Когда гроб вскрыли, зрелище оказалось не настолько ужасным, как воображал себе Майтимо.

Как-то он слышал, как Пенголод сказал, что скорее всего, тело Финголфина останется нетленным. Майтимо понял, что этого не случилось потому, что Гондолин пал. Семь врат были сломлены, в долину проникли злые, влажные южные вихри; деревья и травы выгорели. Горячие ветра и морозные рассветы прошедших десяти лет превратили в пыль не только хрустальные ручьи и фонтаны построенного Тургоном города, но и тело отца короля. Остался только скелет и несколько прядей чёрных волос.

Тончайшая синяя ткань, усыпанная золотыми звёздами, которая некогда окутывала тело, исчезла; череп и кости окрасились в синий цвет; кое-где меж ними мерцали золотые блёстки. Несколько тяжёлых перстней по-прежнему сверкали на сложенных на груди руках.

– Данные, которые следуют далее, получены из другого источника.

(* There exist a constant $c_0\in(0,1)$ and a nonadaptive $t$-online-corruption-resilient $\varepsilon$-tester for linearity of functions $f:\{0,1\}^d\to\{0,1\}$ that is correct whenever $t\le c_0\cdot\varepsilon^{5/4}\cdot 2^{d/4}$ and makes $O\big(\frac1\varepsilon\log\frac t\varepsilon\big)$ queries.
   Context: An algorithm accesses an input function $f:D\to R$ ($D$ finite) only through an oracle $\mathcal{O}$, querying points one at a time and receiving $\mathcal{O}(x)$; initially $\mathcal{O}(x)=f(x)$ for all $x$. A $t$-online-corruption oracle, after answering each query, may replace $\mathcal{O}(x)$ at up to $t$ points $x$ by arbitrary values in the range of $f$; modified values are used for all future queries. Its choices (adversarial strategy) may depend on $f$, the queries and answers so far, and the algorithm's code, but not on the algorithm's future random coins. $f$ is $\varepsilon$-far from a property $\mathcal{P}$ (a set of functions) if it differs from every $g\in\mathcal{P}$ on at least an $\varepsilon$ fraction of $D$. A $t$-online-corruption-resilient $\varepsilon$-tester for $\mathcal{P}$ is a randomized algorithm that, with access to $f$ via a $t$-online-corruption oracle and for every adversarial strategy, accepts with probability at least $2/3$ if $f\in\mathcal{P}$ and rejects with probability at least $2/3$ if $f$ is $\varepsilon$-far from $\mathcal{P}$. Nonadaptive means queries do not depend on previous answers. $f:\{0,1\}^d\to\{0,1\}$ is linear if there is $S\subseteq[d]$ with $f(x)=\sum_{i\in S}x[i]\bmod 2$ for all $x$. *)

theory Defs
  imports "HOL-Probability.Probability"
begin

definition cube :: "nat \<Rightarrow> bool list set" where
  "cube d = {x. length x = d}"

definition linear_fn :: "nat \<Rightarrow> (bool list \<Rightarrow> bool) \<Rightarrow> bool" where
  "linear_fn d f \<longleftrightarrow> (\<exists>S \<subseteq> {..<d}. \<forall>x \<in> cube d.
      (if f x then 1 else 0) = (\<Sum>i\<in>S. (if x ! i then 1 else 0 :: nat)) mod 2)"

definition eps_far_linear :: "nat \<Rightarrow> real \<Rightarrow> (bool list \<Rightarrow> bool) \<Rightarrow> bool" where
  "eps_far_linear d \<epsilon> f \<longleftrightarrow> (\<forall>g. linear_fn d g \<longrightarrow>
      real (card {x \<in> cube d. f x \<noteq> g x}) \<ge> \<epsilon> * 2 ^ d)"

text \<open>An adversarial strategy maps the history of (query, answer) pairs so far and the current
  oracle to the next oracle; it is admissible (t-online-corruption) if every step changes the
  oracle on at most t points of the domain.\<close>
type_synonym adversary =
  "(bool list \<times> bool) list \<Rightarrow> (bool list \<Rightarrow> bool) \<Rightarrow> (bool list \<Rightarrow> bool)"

definition valid_adversary :: "nat \<Rightarrow> nat \<Rightarrow> adversary \<Rightarrow> bool" where
  "valid_adversary d t adv \<longleftrightarrow>
     (\<forall>h Or. card {x \<in> cube d. adv h Or x \<noteq> Or x} \<le> t)"

fun run_oracle :: "adversary \<Rightarrow> (bool list \<Rightarrow> bool) \<Rightarrow> (bool list \<times> bool) list
                    \<Rightarrow> bool list list \<Rightarrow> bool list" where
  "run_oracle adv Or hist [] = []"
| "run_oracle adv Or hist (q # qs) =
     (let a = Or q; h' = hist @ [(q, a)] in a # run_oracle adv (adv h' Or) h' qs)"

text \<open>A nonadaptive tester is a distribution over pairs (query sequence, decision rule on the
  answers); all randomness is drawn upfront, the adversary only sees queries/answers so far.\<close>
definition accept_prob ::
  "(bool list list \<times> (bool list \<Rightarrow> bool)) pmf \<Rightarrow> adversary \<Rightarrow> (bool list \<Rightarrow> bool) \<Rightarrow> real" where
  "accept_prob T adv f =
     measure_pmf.prob T {(qs, dec). dec (run_oracle adv f [] qs)}"

end

theory Submission
  imports Defs
begin

text \<open>
  The tester runs m = \<lceil>12/\<epsilon>\<rceil> independent blocks. A block draws k + 1 uniform points and a
  uniform S \<in> {0,1}^k, and checks f at the XOR of the points selected by the even-weight mask
  (parity S) # S against the XOR of their values. For S \<noteq> 0 this is a check on an even number
  w \<ge> 2 of points; it passes with probability (1 + \<Sum>a F(a)^(w+1)) / 2 in terms of the Fourier
  coefficients F(a) of (-1)^f, and as F(a) \<le> 1 - 2\<epsilon> for \<epsilon>-far f, Parseval bounds this by
  1 - \<epsilon>/2. Hence a block passes with probability at most 1 - \<epsilon>/4.

  Against the adversary: if no query reads a corrupted value, the tester sees f itself. At any time
  at most t Q points are corrupted, Q the number of queries. Each uniform point hits one with
  probability at most t Q / 2^d; the masked sum takes any given value for at most as many masks as
  lie in the kernel of S \<mapsto> masked sum, whose expected size is at most 1 + 2^k / 2^d, so it hits
  with probability at most t Q (1/2^d + 1/2^k). With 2^k of order t / \<epsilon>^2 (times logarithms)
  the total is at most 1/6 whenever t \<le> c0 \<epsilon>^(5/4) 2^(d/4).
\<close>

definition tuples :: "'a set \<Rightarrow> nat \<Rightarrow> 'a list set" where
  "tuples A n = {xs. set xs \<subseteq> A \<and> length xs = n}"

lemma tuples_0 [simp]: "tuples A 0 = {[]}"
  by (auto simp: tuples_def)

lemma tuples_Suc: "tuples A (Suc n) = (\<lambda>(x, xs). x # xs) ` (A \<times> tuples A n)"
  by (auto simp: tuples_def length_Suc_conv image_iff)

lemma finite_tuples [simp]: "finite A \<Longrightarrow> finite (tuples A n)"
  unfolding tuples_def by (rule finite_lists_length_eq)

lemma card_tuples: "finite A \<Longrightarrow> card (tuples A n) = card A ^ n"
  unfolding tuples_def by (rule card_lists_length_eq)

lemma tuples_nonempty: "A \<noteq> {} \<Longrightarrow> tuples A n \<noteq> {}"
  by (induction n) (auto simp: tuples_Suc)

lemma sum_tuples_Suc:
  assumes "finite A"
  shows "(\<Sum>xs\<in>tuples A (Suc n). g xs) = (\<Sum>x\<in>A. \<Sum>xs\<in>tuples A n. g (x # xs))"
proof -
  have "inj_on (\<lambda>(x, xs). x # xs) (A \<times> tuples A n)"
    by (auto simp: inj_on_def)
  then have "(\<Sum>xs\<in>tuples A (Suc n). g xs) = (\<Sum>(x, xs)\<in>A \<times> tuples A n. g (x # xs))"
    unfolding tuples_Suc by (simp add: sum.reindex split_def)
  then show ?thesis
    by (simp add: sum.cartesian_product)
qed

lemma sum_of_bool_card: "finite A \<Longrightarrow> (\<Sum>x\<in>A. of_bool (P x)) = real (card {x\<in>A. P x})"
  by (simp add: Int_def conj_commute)

lemma cube_eq_tuples: "cube d = tuples UNIV d"
  by (auto simp: cube_def tuples_def)

lemma finite_cube [simp]: "finite (cube d)"
  by (simp add: cube_eq_tuples)

lemma card_cube: "card (cube d) = 2 ^ d"
  by (simp add: cube_eq_tuples card_tuples)

lemma sum_cube_Suc:
  "(\<Sum>x\<in>cube (Suc d). g x) = (\<Sum>x\<in>cube d. g (True # x)) + (\<Sum>x\<in>cube d. g (False # x))"
  unfolding cube_eq_tuples by (simp add: sum_tuples_Suc UNIV_bool add.commute)

fun xor_vec :: "bool list \<Rightarrow> bool list \<Rightarrow> bool list" where
  "xor_vec (a # as) (b # bs) = (a \<noteq> b) # xor_vec as bs"
| "xor_vec _ _ = []"

fun dot_mod2 :: "bool list \<Rightarrow> bool list \<Rightarrow> bool" where
  "dot_mod2 (a # as) (b # bs) = ((a \<and> b) \<noteq> dot_mod2 as bs)"
| "dot_mod2 _ _ = False"

definition zero_vec :: "nat \<Rightarrow> bool list" where
  "zero_vec d = replicate d False"

lemma length_xor_vec [simp]: "length (xor_vec a b) = min (length a) (length b)"
  by (induction a b rule: xor_vec.induct) auto

lemma nth_xor_vec: "i < length a \<Longrightarrow> i < length b \<Longrightarrow> xor_vec a b ! i = (a ! i \<noteq> b ! i)"
  by (induction a b arbitrary: i rule: xor_vec.induct) (auto simp: nth_Cons split: nat.split)

lemma length_zero_vec [simp]: "length (zero_vec d) = d"
  by (simp add: zero_vec_def)

lemma zero_vec_in_cube [simp]: "zero_vec d \<in> cube d"
  by (simp add: cube_def)

lemma xor_vec_in_cube: "x \<in> cube d \<Longrightarrow> y \<in> cube d \<Longrightarrow> xor_vec x y \<in> cube d"
  by (simp add: cube_def)

lemma xor_vec_self: "xor_vec a a = zero_vec (length a)"
  by (induction a) (auto simp: zero_vec_def)

lemma xor_vec_zero_vec: "length a = d \<Longrightarrow> xor_vec a (zero_vec d) = a"
  by (induction a arbitrary: d) (auto simp: zero_vec_def)

lemma xor_vec_xor_vec_cancel: "length z = length y \<Longrightarrow> xor_vec (xor_vec z y) y = z"
  by (auto simp: list_eq_iff_nth_eq nth_xor_vec)

lemma xor_vec_xor_vec_cancel_left: "length x = length s \<Longrightarrow> xor_vec x (xor_vec s x) = s"
  by (auto simp: list_eq_iff_nth_eq nth_xor_vec)

lemma dot_mod2_xor_vec:
  "length a = length b \<Longrightarrow> dot_mod2 c (xor_vec a b) = (dot_mod2 c a \<noteq> dot_mod2 c b)"
proof (induction a b arbitrary: c rule: xor_vec.induct)
  case (1 a as b bs c)
  then show ?case by (cases c) auto
qed auto

lemma dot_mod2_commute: "dot_mod2 a b = dot_mod2 b a"
  by (induction a b rule: dot_mod2.induct) auto

lemma dot_mod2_eq_odd_sum:
  "length x = length a \<Longrightarrow> dot_mod2 a x = odd (\<Sum>i<length a. of_bool (a ! i \<and> x ! i) :: nat)"
proof (induction a arbitrary: x)
  case (Cons b a)
  then obtain c x' where "x = c # x'" "length x' = length a"
    by (cases x) auto
  with Cons.IH show ?case
    by (simp only: length_Cons sum.lessThan_Suc_shift nth_Cons_0 nth_Cons_Suc) auto
qed simp

fun masked_sum :: "nat \<Rightarrow> bool list \<Rightarrow> bool list list \<Rightarrow> bool list" where
  "masked_sum d (b # M) (x # xs) = (if b then xor_vec x (masked_sum d M xs) else masked_sum d M xs)"
| "masked_sum d _ _ = zero_vec d"

lemma length_masked_sum: "set xs \<subseteq> cube d \<Longrightarrow> length (masked_sum d M xs) = d"
  by (induction d M xs rule: masked_sum.induct) (auto simp: cube_def)

lemma masked_sum_in_cube: "set xs \<subseteq> cube d \<Longrightarrow> masked_sum d M xs \<in> cube d"
  using length_masked_sum by (simp add: cube_def)

lemma masked_sum_replicate_False: "masked_sum d (replicate n False) xs = zero_vec d"
  by (induction n arbitrary: xs) (auto, case_tac xs, auto)

lemma masked_sum_xor_vec:
  assumes "set xs \<subseteq> cube d" "length M = length xs" "length M' = length xs"
  shows "masked_sum d (xor_vec M M') xs = xor_vec (masked_sum d M xs) (masked_sum d M' xs)"
  using assms
proof (induction xs arbitrary: M M')
  case Nil
  then show ?case by (simp add: xor_vec_self[of "zero_vec d", simplified])
next
  case (Cons x xs)
  then obtain b M1 b' M1' where M: "M = b # M1" "M' = b' # M1'"
    by (cases M; cases M') auto
  have IH: "masked_sum d (xor_vec M1 M1') xs = xor_vec (masked_sum d M1 xs) (masked_sum d M1' xs)"
    using Cons M by auto
  have "length x = d" "length (masked_sum d M1 xs) = d" "length (masked_sum d M1' xs) = d"
    using Cons.prems length_masked_sum by (auto simp: cube_def)
  with IH show ?case
    unfolding M by (cases b; cases b') (auto simp: list_eq_iff_nth_eq nth_xor_vec)
qed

Саурон провёл в воздухе над саркофагом рукой, как будто веля всем отойти в сторону, хотя никто из них не рвался прикоснуться к останкам Финголфина. Осторожно, двумя пальцами он достал из гроба сумку и с любопытством покрутил её в руках. Ему и раньше, конечно, приходилось видеть эльфийские сумки для книг и бумаг. Но эта была особенно хороша, хотя с виду и выглядела скромно, и сохранилась она лучше, чем всё остальное. В ней была двойная кожаная подкладка, она была пропитана особым составом и снабжена двумя рядами прочных застёжек и внутренними карманами. Бумаги и книги в ней могли уцелеть даже после пребывания на дне реки. Он достал бумаги, несколько небольших сшитых от руки тетрадок, письменный набор, пересмотрел какую-то завёрнутую в платок мелочь.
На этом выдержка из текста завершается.